## YOUR ASSIGNMENT
Report all lines from the entries below in which "stays" appears.

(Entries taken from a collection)
= Beginning of Section =

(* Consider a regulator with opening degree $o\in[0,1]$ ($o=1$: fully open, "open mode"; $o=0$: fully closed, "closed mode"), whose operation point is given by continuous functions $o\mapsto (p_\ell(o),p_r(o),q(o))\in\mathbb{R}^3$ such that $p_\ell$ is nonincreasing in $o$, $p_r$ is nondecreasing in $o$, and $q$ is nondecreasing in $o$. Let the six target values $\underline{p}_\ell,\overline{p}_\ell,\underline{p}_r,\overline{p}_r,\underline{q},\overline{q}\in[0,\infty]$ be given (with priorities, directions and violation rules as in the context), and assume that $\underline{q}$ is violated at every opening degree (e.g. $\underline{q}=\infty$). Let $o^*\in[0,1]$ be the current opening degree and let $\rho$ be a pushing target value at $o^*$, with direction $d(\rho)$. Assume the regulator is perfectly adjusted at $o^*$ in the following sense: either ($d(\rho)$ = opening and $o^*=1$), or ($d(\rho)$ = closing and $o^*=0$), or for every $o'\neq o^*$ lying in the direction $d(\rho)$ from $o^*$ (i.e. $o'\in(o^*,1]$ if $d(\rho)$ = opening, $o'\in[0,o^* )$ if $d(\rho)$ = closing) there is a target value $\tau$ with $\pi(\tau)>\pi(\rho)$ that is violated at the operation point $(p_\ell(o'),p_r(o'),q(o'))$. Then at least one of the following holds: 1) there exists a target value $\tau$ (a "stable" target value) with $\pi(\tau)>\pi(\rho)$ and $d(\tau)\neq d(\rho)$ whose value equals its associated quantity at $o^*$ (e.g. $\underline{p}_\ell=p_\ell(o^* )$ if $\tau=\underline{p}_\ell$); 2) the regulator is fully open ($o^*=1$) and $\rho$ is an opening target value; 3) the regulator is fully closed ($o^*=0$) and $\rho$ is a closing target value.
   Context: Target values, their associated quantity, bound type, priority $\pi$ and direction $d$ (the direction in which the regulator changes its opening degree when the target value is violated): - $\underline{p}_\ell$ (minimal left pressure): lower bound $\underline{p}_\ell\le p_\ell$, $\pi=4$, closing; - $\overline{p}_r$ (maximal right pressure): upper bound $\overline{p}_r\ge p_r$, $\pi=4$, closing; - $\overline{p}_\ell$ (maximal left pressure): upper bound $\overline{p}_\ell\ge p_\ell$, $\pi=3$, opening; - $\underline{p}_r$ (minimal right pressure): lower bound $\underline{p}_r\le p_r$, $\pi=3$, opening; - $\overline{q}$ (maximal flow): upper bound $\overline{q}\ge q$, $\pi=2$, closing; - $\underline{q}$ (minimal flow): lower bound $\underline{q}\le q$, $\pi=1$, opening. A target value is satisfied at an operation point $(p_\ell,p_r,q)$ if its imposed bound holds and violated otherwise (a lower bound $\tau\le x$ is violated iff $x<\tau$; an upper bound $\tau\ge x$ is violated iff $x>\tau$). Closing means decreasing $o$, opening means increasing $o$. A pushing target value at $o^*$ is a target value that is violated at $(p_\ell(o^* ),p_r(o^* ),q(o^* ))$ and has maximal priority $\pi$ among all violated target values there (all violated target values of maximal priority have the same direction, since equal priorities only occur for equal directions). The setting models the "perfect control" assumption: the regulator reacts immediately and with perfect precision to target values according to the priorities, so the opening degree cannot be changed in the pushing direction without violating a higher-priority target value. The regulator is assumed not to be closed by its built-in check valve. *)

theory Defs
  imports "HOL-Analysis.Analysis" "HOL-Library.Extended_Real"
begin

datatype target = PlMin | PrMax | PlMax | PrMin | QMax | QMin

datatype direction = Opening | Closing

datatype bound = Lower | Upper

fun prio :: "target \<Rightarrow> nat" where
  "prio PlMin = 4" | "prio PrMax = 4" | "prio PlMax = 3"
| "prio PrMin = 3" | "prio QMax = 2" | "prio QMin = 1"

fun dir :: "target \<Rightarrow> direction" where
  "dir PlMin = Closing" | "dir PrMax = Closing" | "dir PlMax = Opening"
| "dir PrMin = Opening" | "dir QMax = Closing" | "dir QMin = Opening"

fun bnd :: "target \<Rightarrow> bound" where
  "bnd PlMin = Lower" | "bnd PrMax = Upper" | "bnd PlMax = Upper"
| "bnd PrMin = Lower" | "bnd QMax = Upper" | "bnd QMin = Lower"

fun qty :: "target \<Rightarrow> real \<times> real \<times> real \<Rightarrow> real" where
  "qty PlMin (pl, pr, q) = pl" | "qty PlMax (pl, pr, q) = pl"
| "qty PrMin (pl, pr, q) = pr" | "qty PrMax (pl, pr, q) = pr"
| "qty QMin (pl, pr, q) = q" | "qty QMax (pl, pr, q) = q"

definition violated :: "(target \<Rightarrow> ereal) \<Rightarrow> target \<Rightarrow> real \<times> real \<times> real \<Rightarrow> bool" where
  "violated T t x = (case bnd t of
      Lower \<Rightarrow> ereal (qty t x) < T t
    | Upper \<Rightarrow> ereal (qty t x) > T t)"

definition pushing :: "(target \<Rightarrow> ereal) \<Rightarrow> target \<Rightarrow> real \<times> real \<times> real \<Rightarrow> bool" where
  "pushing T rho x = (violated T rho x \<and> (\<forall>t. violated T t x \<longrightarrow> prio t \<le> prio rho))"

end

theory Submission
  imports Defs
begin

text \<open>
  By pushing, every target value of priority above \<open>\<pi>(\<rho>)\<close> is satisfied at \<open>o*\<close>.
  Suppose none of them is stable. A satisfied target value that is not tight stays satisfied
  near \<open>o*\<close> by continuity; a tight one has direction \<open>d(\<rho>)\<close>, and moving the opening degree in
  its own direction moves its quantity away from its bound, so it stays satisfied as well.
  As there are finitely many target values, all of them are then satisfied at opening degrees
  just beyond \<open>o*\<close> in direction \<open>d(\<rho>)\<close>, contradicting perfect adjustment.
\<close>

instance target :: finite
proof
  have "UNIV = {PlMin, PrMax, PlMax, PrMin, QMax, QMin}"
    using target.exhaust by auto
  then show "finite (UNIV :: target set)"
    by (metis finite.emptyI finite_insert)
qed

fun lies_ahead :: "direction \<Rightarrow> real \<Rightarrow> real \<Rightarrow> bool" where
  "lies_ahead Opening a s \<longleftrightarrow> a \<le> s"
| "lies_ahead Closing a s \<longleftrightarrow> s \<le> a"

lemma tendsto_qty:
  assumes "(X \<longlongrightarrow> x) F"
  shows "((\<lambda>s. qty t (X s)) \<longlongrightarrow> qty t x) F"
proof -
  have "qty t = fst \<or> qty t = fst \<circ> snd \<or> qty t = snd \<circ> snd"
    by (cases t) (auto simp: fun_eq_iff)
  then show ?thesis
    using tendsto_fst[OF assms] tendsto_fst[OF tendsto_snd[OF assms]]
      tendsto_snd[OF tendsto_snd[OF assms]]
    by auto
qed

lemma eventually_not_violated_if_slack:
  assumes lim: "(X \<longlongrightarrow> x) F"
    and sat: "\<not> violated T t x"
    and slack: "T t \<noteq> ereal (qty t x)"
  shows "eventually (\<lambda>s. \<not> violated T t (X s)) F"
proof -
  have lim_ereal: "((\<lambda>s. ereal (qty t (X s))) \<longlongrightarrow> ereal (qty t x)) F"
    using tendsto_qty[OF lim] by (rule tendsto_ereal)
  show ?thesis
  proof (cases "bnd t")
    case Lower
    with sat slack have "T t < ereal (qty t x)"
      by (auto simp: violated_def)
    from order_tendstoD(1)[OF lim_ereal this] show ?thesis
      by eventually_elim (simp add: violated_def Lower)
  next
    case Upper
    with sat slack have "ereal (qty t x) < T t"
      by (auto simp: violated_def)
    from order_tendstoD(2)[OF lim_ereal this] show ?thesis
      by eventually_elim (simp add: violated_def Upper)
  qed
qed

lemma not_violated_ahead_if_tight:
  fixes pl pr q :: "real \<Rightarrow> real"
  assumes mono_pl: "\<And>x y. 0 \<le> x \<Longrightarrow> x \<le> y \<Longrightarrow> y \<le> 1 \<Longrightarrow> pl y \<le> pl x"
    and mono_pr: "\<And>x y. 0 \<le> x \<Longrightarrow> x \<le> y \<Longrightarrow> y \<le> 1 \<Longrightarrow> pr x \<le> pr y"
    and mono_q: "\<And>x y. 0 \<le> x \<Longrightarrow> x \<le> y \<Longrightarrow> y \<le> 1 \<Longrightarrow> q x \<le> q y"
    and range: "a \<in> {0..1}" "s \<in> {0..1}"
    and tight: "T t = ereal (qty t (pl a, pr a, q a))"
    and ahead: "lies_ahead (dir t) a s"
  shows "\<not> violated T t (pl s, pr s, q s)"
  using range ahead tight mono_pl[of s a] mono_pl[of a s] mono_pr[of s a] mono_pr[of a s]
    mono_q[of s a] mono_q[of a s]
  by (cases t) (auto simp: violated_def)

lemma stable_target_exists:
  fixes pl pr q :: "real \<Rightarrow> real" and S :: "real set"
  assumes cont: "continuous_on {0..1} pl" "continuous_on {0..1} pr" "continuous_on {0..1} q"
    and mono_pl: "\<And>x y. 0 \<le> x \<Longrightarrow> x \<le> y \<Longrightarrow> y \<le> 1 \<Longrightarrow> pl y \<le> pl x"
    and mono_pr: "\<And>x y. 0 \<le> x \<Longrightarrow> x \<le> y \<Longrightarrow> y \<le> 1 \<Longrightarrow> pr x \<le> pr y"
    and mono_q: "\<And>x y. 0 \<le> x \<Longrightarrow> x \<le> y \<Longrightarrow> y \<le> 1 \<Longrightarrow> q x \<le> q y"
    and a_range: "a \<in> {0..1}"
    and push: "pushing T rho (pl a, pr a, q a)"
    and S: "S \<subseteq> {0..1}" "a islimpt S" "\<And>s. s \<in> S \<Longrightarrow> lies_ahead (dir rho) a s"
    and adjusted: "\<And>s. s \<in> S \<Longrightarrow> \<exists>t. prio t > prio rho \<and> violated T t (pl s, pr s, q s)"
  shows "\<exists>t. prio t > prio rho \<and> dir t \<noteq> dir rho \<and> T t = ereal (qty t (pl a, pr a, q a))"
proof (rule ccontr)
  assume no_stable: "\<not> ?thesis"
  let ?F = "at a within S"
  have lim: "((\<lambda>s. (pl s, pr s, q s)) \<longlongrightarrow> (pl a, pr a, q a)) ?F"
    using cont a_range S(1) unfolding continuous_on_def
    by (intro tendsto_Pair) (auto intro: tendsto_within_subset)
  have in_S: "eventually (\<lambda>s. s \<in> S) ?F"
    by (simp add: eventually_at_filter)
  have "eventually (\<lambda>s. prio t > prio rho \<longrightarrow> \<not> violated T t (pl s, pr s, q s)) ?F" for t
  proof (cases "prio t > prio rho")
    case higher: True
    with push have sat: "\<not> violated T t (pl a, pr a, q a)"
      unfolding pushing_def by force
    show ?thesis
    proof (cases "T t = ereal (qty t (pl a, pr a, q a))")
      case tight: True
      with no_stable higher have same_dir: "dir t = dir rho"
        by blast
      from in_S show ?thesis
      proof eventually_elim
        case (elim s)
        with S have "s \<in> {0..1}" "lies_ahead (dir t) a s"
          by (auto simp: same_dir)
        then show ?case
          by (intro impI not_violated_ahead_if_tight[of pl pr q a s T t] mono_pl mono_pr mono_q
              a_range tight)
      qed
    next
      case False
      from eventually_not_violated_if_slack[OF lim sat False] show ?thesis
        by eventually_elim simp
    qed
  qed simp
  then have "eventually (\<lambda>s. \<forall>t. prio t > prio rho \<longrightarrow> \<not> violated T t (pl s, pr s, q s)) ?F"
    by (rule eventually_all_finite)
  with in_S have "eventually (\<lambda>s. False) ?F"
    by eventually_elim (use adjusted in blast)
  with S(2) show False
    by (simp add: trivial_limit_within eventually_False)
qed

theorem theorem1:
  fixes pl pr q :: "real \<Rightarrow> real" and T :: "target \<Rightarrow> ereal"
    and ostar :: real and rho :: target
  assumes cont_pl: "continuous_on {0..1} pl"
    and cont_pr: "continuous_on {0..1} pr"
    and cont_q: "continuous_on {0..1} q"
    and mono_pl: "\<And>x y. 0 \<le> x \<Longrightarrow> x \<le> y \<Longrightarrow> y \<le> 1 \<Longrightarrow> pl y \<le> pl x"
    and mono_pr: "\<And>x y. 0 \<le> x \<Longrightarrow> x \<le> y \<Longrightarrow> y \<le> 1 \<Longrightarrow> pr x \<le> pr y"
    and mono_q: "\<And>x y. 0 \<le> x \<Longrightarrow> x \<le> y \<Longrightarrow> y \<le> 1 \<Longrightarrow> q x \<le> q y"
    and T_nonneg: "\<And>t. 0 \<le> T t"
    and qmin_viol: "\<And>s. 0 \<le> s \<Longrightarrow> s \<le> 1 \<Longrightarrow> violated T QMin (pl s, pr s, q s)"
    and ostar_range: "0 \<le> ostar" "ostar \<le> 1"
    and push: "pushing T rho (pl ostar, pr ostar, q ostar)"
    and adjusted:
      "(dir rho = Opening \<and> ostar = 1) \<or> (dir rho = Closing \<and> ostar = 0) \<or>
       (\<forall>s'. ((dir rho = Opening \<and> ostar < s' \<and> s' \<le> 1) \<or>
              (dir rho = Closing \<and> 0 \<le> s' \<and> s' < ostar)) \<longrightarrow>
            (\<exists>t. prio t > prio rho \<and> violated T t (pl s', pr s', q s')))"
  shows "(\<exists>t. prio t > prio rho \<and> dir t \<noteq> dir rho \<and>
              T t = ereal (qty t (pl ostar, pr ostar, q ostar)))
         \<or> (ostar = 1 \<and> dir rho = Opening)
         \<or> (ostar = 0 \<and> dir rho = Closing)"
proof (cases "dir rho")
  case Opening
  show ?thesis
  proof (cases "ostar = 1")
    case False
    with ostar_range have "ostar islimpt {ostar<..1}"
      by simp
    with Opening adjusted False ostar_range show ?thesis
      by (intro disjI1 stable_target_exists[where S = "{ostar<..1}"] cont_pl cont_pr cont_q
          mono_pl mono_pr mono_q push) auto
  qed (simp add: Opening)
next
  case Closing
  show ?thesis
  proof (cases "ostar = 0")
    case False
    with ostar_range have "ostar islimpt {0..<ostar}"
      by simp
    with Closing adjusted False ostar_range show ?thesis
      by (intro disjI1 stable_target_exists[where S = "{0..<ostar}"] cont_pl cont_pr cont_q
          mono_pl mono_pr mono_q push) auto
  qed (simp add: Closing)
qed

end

= End of Section =
= Beginning of Section =

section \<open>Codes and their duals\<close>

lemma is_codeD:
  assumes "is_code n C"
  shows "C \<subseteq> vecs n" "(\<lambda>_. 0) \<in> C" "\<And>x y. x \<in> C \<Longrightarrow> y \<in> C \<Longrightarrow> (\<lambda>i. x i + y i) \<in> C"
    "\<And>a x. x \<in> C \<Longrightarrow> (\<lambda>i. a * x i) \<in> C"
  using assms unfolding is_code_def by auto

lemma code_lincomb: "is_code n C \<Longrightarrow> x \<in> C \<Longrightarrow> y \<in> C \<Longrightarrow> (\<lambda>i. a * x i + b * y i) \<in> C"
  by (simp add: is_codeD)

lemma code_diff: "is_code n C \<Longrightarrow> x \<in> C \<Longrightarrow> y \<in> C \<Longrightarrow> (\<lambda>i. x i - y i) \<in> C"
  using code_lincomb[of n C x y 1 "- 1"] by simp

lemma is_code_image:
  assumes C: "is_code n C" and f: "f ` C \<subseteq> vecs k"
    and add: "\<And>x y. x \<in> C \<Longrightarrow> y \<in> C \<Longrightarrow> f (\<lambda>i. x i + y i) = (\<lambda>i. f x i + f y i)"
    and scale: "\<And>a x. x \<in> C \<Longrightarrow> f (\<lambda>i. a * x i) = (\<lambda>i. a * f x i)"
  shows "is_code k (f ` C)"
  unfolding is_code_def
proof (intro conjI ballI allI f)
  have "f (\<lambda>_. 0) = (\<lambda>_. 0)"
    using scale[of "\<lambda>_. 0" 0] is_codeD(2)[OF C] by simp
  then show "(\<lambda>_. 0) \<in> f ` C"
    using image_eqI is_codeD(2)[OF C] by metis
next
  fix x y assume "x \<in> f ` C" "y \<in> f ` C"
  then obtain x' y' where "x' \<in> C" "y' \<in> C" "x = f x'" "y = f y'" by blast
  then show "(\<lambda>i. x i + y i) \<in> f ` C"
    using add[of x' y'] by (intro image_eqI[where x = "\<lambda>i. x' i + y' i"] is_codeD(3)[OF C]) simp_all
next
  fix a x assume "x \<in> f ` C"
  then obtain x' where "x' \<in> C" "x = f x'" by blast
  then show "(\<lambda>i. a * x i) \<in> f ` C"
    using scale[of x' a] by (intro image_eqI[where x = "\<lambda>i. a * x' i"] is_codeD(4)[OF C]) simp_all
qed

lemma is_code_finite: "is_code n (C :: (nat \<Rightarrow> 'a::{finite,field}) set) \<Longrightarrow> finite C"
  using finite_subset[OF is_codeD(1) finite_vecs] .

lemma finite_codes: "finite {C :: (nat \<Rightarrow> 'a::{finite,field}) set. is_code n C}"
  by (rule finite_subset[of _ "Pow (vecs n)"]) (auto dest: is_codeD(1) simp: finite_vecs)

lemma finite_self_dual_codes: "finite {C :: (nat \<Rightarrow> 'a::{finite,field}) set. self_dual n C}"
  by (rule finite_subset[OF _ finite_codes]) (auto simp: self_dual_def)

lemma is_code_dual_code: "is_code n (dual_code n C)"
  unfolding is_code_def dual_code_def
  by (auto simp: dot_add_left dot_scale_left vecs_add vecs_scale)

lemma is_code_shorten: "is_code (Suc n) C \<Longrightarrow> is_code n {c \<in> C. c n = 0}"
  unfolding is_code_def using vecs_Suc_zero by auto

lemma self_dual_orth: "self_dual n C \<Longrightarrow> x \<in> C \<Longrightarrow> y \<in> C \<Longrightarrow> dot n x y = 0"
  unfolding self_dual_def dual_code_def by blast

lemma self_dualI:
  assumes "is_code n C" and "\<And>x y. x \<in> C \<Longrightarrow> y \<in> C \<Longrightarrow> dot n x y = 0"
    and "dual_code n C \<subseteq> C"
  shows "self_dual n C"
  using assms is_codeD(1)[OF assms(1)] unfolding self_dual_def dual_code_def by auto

= End of Section =

## RESPONSE BOX
  Suppose none of them is stable. A satisfied target value that is not tight stays satisfied
  its own direction moves its quantity away from its bound, so it stays satisfied as well.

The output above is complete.